The Economic Forecast: the Good, the Bad and the Ugly

December 1st, 2011 by Curious

There are a lot of gems in George’s Magic Medicine, as Yvette Cooper referred to the Chancellor during the Autumn Statement. The infrastructure opportunities will create jobs, improve transport links, and improve the country generally. Better spending on schools will help reduce social divide and increases in benefit and pensions cannot be criticised.

However, as the Today programme observed, it’s a little bit of everything, rather than sweeping universal gesture. But that’s not necessarily a bad thing.

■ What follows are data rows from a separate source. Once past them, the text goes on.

(* Let $H$ be a digraph (possibly with loops), let $D$ be an $H$-colored quasi-transitive digraph, let $k \geq 4$, and let $u,v$ be distinct vertices of $D$. If there exists a directed $uv$-walk in $D$, then either $u$ and $v$ are adjacent in $D$, or $(v,u)$ is a symmetric arc of $C_{H}^{k-1}(D)$ (that is, both $(u,v)$ and $(v,u)$ are arcs of $C_{H}^{k-1}(D)$).
   Context: All digraphs are finite. A digraph $D$ is quasi-transitive if for all distinct $u,v\in V(D)$, whenever there is a directed $uv$-path of length $2$, $u$ and $v$ are joined by an arc (in some direction). Two vertices are adjacent if there is an arc between them. $D$ has no loops and comes with a map $\rho: A(D)\to V(H)$. For a walk $W=(x_0,\ldots,x_n)$ in $D$, there is an obstruction on $x_i$ if $(\rho(x_{i-1},x_i),\rho(x_i,x_{i+1})) \notin A(H)$; for an open walk this is considered at internal vertices $x_i$, $1\le i\le n-1$, for a closed walk at all $i\in\{0,\ldots,n-1\}$ with indices modulo $n$. $O_H(W)$ is the set of indices with an obstruction; the $H$-length is $l_H(W)=|O_H(W)|+1$ for open $W$ and $|O_H(W)|$ for closed $W$. The $(k-1,H)$-closure $C_H^{k-1}(D)$ is the digraph on $V(D)$ in which $(x,y)$ is an arc iff there is a directed $xy$-path in $D$ of $H$-length at most $k-1$. *)

theory Defs
  imports Main
begin

definition digraph :: "'a set \<Rightarrow> ('a \<times> 'a) set \<Rightarrow> bool" where
  "digraph V A \<longleftrightarrow> finite V \<and> A \<subseteq> V \<times> V"

definition loopless :: "('a \<times> 'a) set \<Rightarrow> bool" where
  "loopless A \<longleftrightarrow> (\<forall>x. (x, x) \<notin> A)"

definition H_colored :: "('a \<times> 'a) set \<Rightarrow> 'c set \<Rightarrow> (('a \<times> 'a) \<Rightarrow> 'c) \<Rightarrow> bool" where
  "H_colored A VH rho \<longleftrightarrow> (\<forall>e\<in>A. rho e \<in> VH)"

definition quasi_transitive :: "'a set \<Rightarrow> ('a \<times> 'a) set \<Rightarrow> bool" where
  "quasi_transitive V A \<longleftrightarrow>
     (\<forall>u\<in>V. \<forall>v\<in>V. \<forall>w\<in>V. u \<noteq> v \<and> u \<noteq> w \<and> w \<noteq> v \<and> (u, w) \<in> A \<and> (w, v) \<in> A
        \<longrightarrow> (u, v) \<in> A \<or> (v, u) \<in> A)"

definition adjacent :: "('a \<times> 'a) set \<Rightarrow> 'a \<Rightarrow> 'a \<Rightarrow> bool" where
  "adjacent A u v \<longleftrightarrow> (u, v) \<in> A \<or> (v, u) \<in> A"

definition dwalk :: "('a \<times> 'a) set \<Rightarrow> 'a list \<Rightarrow> bool" where
  "dwalk A xs \<longleftrightarrow> xs \<noteq> [] \<and> (\<forall>i. Suc i < length xs \<longrightarrow> (xs ! i, xs ! Suc i) \<in> A)"

definition dpath :: "('a \<times> 'a) set \<Rightarrow> 'a list \<Rightarrow> bool" where
  "dpath A xs \<longleftrightarrow> dwalk A xs \<and> distinct xs"

definition obstructions :: "('c \<times> 'c) set \<Rightarrow> (('a \<times> 'a) \<Rightarrow> 'c) \<Rightarrow> 'a list \<Rightarrow> nat set" where
  "obstructions AH rho xs = {i. 1 \<le> i \<and> Suc i < length xs \<and>
      (rho (xs ! (i - 1), xs ! i), rho (xs ! i, xs ! Suc i)) \<notin> AH}"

It means all areas benefit to some extent.

However, measly concessions such as only 100,000 people to be helped to buy homes and the media 430,000 youth work placements were not really go far enough to address the wider issues.

However, the extremely left-wing proposals are largely because of the coalition-the Liberal Democrats have fought tooth and nail to get both through.

As Tory MPs were saying on peanut politics on Sunday, they would prefer the cuts to be more severe. Thank goodness we are in coalition.

The ugly is the future. When the coalition formed in 2010, the Tories faced the future as something they’d have to put up with until they got an outright majority. That was based on the predictability of political science, the dance of boom and bust; the ability to sell the privatised banks and annihilate Labour before shedding the crutch of the Liberal Democrats.

But with the global economic crisis, like deadly aftershocks following the banking crash earthquake, the future is far from predictable.

The coalition has been forced to sell Northern Rock, embrace in illiberal intervention in Libya for little gain and try and stay afloat as the Eurozone fractures.

None of this was predictable and all of this makes the future even more uncertain. It certainly suggests that a future Tory majority is extremely unlikely.